Use a system of equations to find the equation of the parabola y = ax^2 + bx + c that passes through the points. Solve the system using matrices. Use a graphing utility to verify your result.
The points are (1,6), (4,3), (5,-2)
@reiny thanks but how did you get 16a in 3 = 16a + 4b + c and 25a in -2 = 25a + 5b + c
using (1,6) ---> 6 = a + b + c
using (4,3) ---> 3 = 16a + 4b + c
using (5,-2) ---> -2 = 25a + 5b + c
The 2nd minus the first: 15a + 3b = -3 or 5a + b = -1
the 3rd minus the 2nd: 9a + b = -5
Now subtract those last two:
4a = -4
a = -1
sub that into 5a + b = -1 to get b
then go into the very first one to get c
your equation is y = ax^2 + bx + c
so in (4,3), x = 4, and y = 3
so 3 = a(4^2) + b(4) + c
same for the other points
thanks, now i get it
Why did the parabola go to the therapist?
Because it had too many ups and downs!
Let's find the equation of the parabola that passes through the points (1,6), (4,3), and (5,-2) using a system of equations and matrices.

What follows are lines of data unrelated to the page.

lemma fourier_vec_nonzero: "n > 0 \<Longrightarrow> fourier_vec n m \<noteq> 0\<^sub>v n"
  by (auto simp: vec_eq_iff)

lemma fourier_root_pow_index_mod:
  assumes "n > 0"
  shows "fourier_root n m ^ (k mod n) = fourier_root n m ^ k"
proof -
  have root: "fourier_root n m ^ n = 1"
    using assms unfolding fourier_root_def DeMoivre by simp
  have "fourier_root n m ^ k = fourier_root n m ^ (n * (k div n) + k mod n)"
    by simp
  also have "\<dots> = (fourier_root n m ^ n) ^ (k div n) * fourier_root n m ^ (k mod n)"
    by (simp only: power_add power_mult)
  finally show ?thesis using root by simp
qed

lemma D2_fourier_eigen:
  assumes n: "n > 0"
  shows "cmat (D2 n) *\<^sub>v fourier_vec n m
    = of_real (2 * cos (2 * pi * real m / real n) - 2) \<cdot>\<^sub>v fourier_vec n m"
proof (rule eq_vecI)
  let ?\<omega> = "fourier_root n m"
  fix i assume "i < dim_vec (of_real (2 * cos (2 * pi * real m / real n) - 2) \<cdot>\<^sub>v fourier_vec n m)"
  then have i: "i < n" by simp
  have "?\<omega> ^ (n - 1) = ?\<omega> ^ n / ?\<omega>"
    using n by (simp add: power_diff fourier_root_def)
  also have "\<dots> = cnj ?\<omega>"
    using fourier_root_pow_index_mod[OF n, of m n] unfolding fourier_root_def
    by (simp add: cis_cnj divide_inverse)
  finally have pred: "?\<omega> ^ (n - 1) = cnj ?\<omega>" .
  have "(cmat (D2 n) *\<^sub>v fourier_vec n m) $ i
      = ?\<omega> ^ ((i + 1) mod n) + ?\<omega> ^ ((i + n - 1) mod n) - 2 * ?\<omega> ^ i"
    using D2_mult_vec[OF fourier_vec_carrier i] i n by simp
  also have "\<dots> = ?\<omega> ^ i * (?\<omega> + ?\<omega> ^ (n - 1) - 2)"
    using n unfolding fourier_root_pow_index_mod[OF n]
    by (simp add: power_add[symmetric] ring_distribs)
  also have "\<dots> = (of_real (2 * cos (2 * pi * real m / real n) - 2) \<cdot>\<^sub>v fourier_vec n m) $ i"
    using i unfolding pred complex_add_cnj by (simp add: fourier_root_def)
  finally show "(cmat (D2 n) *\<^sub>v fourier_vec n m) $ i = \<dots>" .
qed simp

lemma cis_root_of_unity_neq_one:
  assumes n: "n > 0" and j: "j < n" and l: "l < n" and "j \<noteq> l"
  shows "cis (2 * pi * (real j - real l) / real n) \<noteq> 1"
proof
  assume "cis (2 * pi * (real j - real l) / real n) = 1"
  then obtain t :: int where "2 * pi * (real j - real l) / real n = real_of_int t * 2 * pi"
    using cos_one_2pi_int[of "2 * pi * (real j - real l) / real n"]
    by (metis Re_complex_of_real cis.sel(1) one_complex.sel(1))
  then have "(real j - real l) * (2 * pi) = (real_of_int t * real n) * (2 * pi)"
    using n by (simp add: field_simps)
  then have jl: "real j - real l = real_of_int t * real n"
    by (simp add: pi_neq_zero)
  have "\<bar>real j - real l\<bar> < real n" using j l by linarith
  then have "\<bar>real_of_int t\<bar> * real n < 1 * real n" by (simp add: jl abs_mult)
  then have "t = 0"
    using n by (simp only: mult_less_cancel_right_pos of_nat_0_less_iff)
  then show False using jl \<open>j \<noteq> l\<close> by simp
qed

lemma fourier_orthogonality:
  assumes n: "n > 0" and j: "j < n" and l: "l < n"
  shows "(\<Sum>m<n. fourier_vec n m $ j * cnj (fourier_vec n m $ l)) = (if j = l then of_nat n else 0)"
proof -
  define \<zeta> where "\<zeta> = cis (2 * pi * (real j - real l) / real n)"
  have summand: "fourier_vec n m $ j * cnj (fourier_vec n m $ l) = \<zeta> ^ m" for m
  proof -
    let ?\<theta> = "2 * pi * real m / real n"
    have "fourier_vec n m $ j * cnj (fourier_vec n m $ l) = cis (real j * ?\<theta> - real l * ?\<theta>)"
      using j l by (simp add: fourier_root_def DeMoivre cis_cnj cis_mult)
    also have "real j * ?\<theta> - real l * ?\<theta> = real m * (2 * pi * (real j - real l) / real n)"
      by (simp add: diff_divide_distrib algebra_simps)
    finally show ?thesis unfolding \<zeta>_def DeMoivre .
  qed
  show ?thesis
  proof (cases "j = l")
    case True
    then show ?thesis unfolding summand \<zeta>_def by simp
  next
    case False
    have "\<zeta> ^ n = cis (2 * pi * of_int (int j - int l))"
      using n unfolding \<zeta>_def DeMoivre by simp
    then have "\<zeta> ^ n = 1" by (simp add: cis_multiple_2pi)
    then have "(\<Sum>m<n. \<zeta> ^ m) = 0"
      using geometric_sum[OF cis_root_of_unity_neq_one[OF n j l False, folded \<zeta>_def]] by simp
    then show ?thesis unfolding summand using False by simp
  qed
qed

lemma mat_eq_smult_one_if_fourier_eigen:
  fixes M :: "real mat"
  assumes n: "n > 0" and M: "M \<in> carrier_mat n n"
    and eigen: "\<And>m. m < n \<Longrightarrow> cmat M *\<^sub>v fourier_vec n m = of_real c \<cdot>\<^sub>v fourier_vec n m"
  shows "M = c \<cdot>\<^sub>m 1\<^sub>m n"
proof (rule eq_matI)
  fix i l assume "i < dim_row (c \<cdot>\<^sub>m 1\<^sub>m n)" "l < dim_col (c \<cdot>\<^sub>m 1\<^sub>m n)"
  then have i: "i < n" and l: "l < n" by simp_all
  let ?S = "\<Sum>m<n. (cmat M *\<^sub>v fourier_vec n m) $ i * cnj (fourier_vec n m $ l)"
  have "?S = (\<Sum>m<n. (\<Sum>j<n. of_real (M $$ (i, j)) * fourier_vec n m $ j) * cnj (fourier_vec n m $ l))"
    using M i by (intro sum.cong refl, subst index_mult_mat_vec_sum[of _ n n]) auto
  also have "\<dots> = (\<Sum>m<n. \<Sum>j<n. of_real (M $$ (i, j)) * (fourier_vec n m $ j * cnj (fourier_vec n m $ l)))"
    by (simp only: sum_distrib_right mult.assoc)
  also have "\<dots> = (\<Sum>j<n. \<Sum>m<n. of_real (M $$ (i, j)) * (fourier_vec n m $ j * cnj (fourier_vec n m $ l)))"
    by (rule sum.swap)
  also have "\<dots> = (\<Sum>j<n. of_real (M $$ (i, j)) * (\<Sum>m<n. fourier_vec n m $ j * cnj (fourier_vec n m $ l)))"
    by (simp only: sum_distrib_left)
  also have "\<dots> = (\<Sum>j<n. of_real (M $$ (i, j)) * (if j = l then of_nat n else 0))"
    using n l by (intro sum.cong refl) (simp del: fourier_vec_index add: fourier_orthogonality)
  also have "\<dots> = of_real (M $$ (i, l)) * of_nat n"
    using l by (simp add: if_distrib sum.delta' cong: if_cong)
  finally have "?S = of_real (M $$ (i, l)) * of_nat n" .
  moreover have "?S = (\<Sum>m<n. of_real c * (fourier_vec n m $ i * cnj (fourier_vec n m $ l)))"
    using eigen i by (intro sum.cong refl) (simp del: fourier_vec_index)
  moreover have "\<dots> = of_real c * (if i = l then of_nat n else 0)"
    unfolding sum_distrib_left[symmetric] fourier_orthogonality[OF n i l] ..
  ultimately have "complex_of_real (M $$ (i, l)) = of_real (if i = l then c else 0)"
    using n by (auto split: if_splits)
  then show "M $$ (i, l) = (c \<cdot>\<^sub>m 1\<^sub>m n) $$ (i, l)"
    using i l by simp
qed (use M in auto)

We can start by substituting the x and y values of the given points into the equation of the parabola: y = ax^2 + bx + c
For the point (1,6):
6 = a(1)^2 + b(1) + c => 6 = a + b + c
For the point (4,3):
3 = a(4)^2 + b(4) + c => 3 = 16a + 4b + c
For the point (5,-2):
-2 = a(5)^2 + b(5) + c => -2 = 25a + 5b + c
Now we have a system of three equations:
1) 6 = a + b + c
2) 3 = 16a + 4b + c
3) -2 = 25a + 5b + c
To solve this system using matrices, we can write the augmented matrix:
[ 1 1 1 | 6 ]
[ 16 4 1 | 3 ]
[ 25 5 1 | -2 ]
Using matrix operations, we can perform row operations to reduce the matrix into row-echelon form:
[ 1 1 1 | 6 ]
[ 0 -12 -15 | -93 ]
[ 0 0 -24 | -111 ]
From this row-echelon matrix, we can solve for the values of a, b, and c as follows:
c = -111 / -24 = 111/24 = 37/8
b = -93 / -12 = 31/4
a = 6 - (31/4) - (37/8) = -1/8
Therefore, the equation of the parabola that passes through the given points is:
y = (-1/8)x^2 + (31/4)x + 37/8
You can use a graphing utility to verify the graph of this equation. Enjoy exploring the funny world of parabolas!
To find the equation of the parabola that passes through the given points, we can form a system of equations using the coordinates of these points.
The general form of a quadratic equation is: y = ax^2 + bx + c
To create the system of equations, substitute the x and y values of each point into the equation, and solve for the coefficients a, b, and c.
Using the given points:
(1,6): 6 = a(1)^2 + b(1) + c
(4,3): 3 = a(4)^2 + b(4) + c
(5,-2): -2 = a(5)^2 + b(5) + c
Rewriting these equations in standard form:
1a + 1b + c = 6 (Equation 1)
16a + 4b + c = 3 (Equation 2)
25a + 5b + c = -2 (Equation 3)
Now, let's form a matrix equation to solve the system using matrices:
| 1 1 1 | | a | | 6 |
| 16 4 1 | * | b | = | 3 |
| 25 5 1 | | c | | -2 |
To solve this matrix equation, we can use matrix operations to find the values of a, b, and c.
Using a graphing utility, we can input the matrix equation, and use the matrix solver function to find the values of a, b, and c.
After solving the matrix equation, we get:
a = -1/10
b = 3/5
c = 43/10
Therefore, the equation of the parabola that passes through the given points is:
y = (-1/10)x^2 + (3/5)x + 43/10
To verify this result, graph the equation using a graphing utility and input the given points. You should see that the parabola passes through the points (1,6), (4,3), and (5,-2).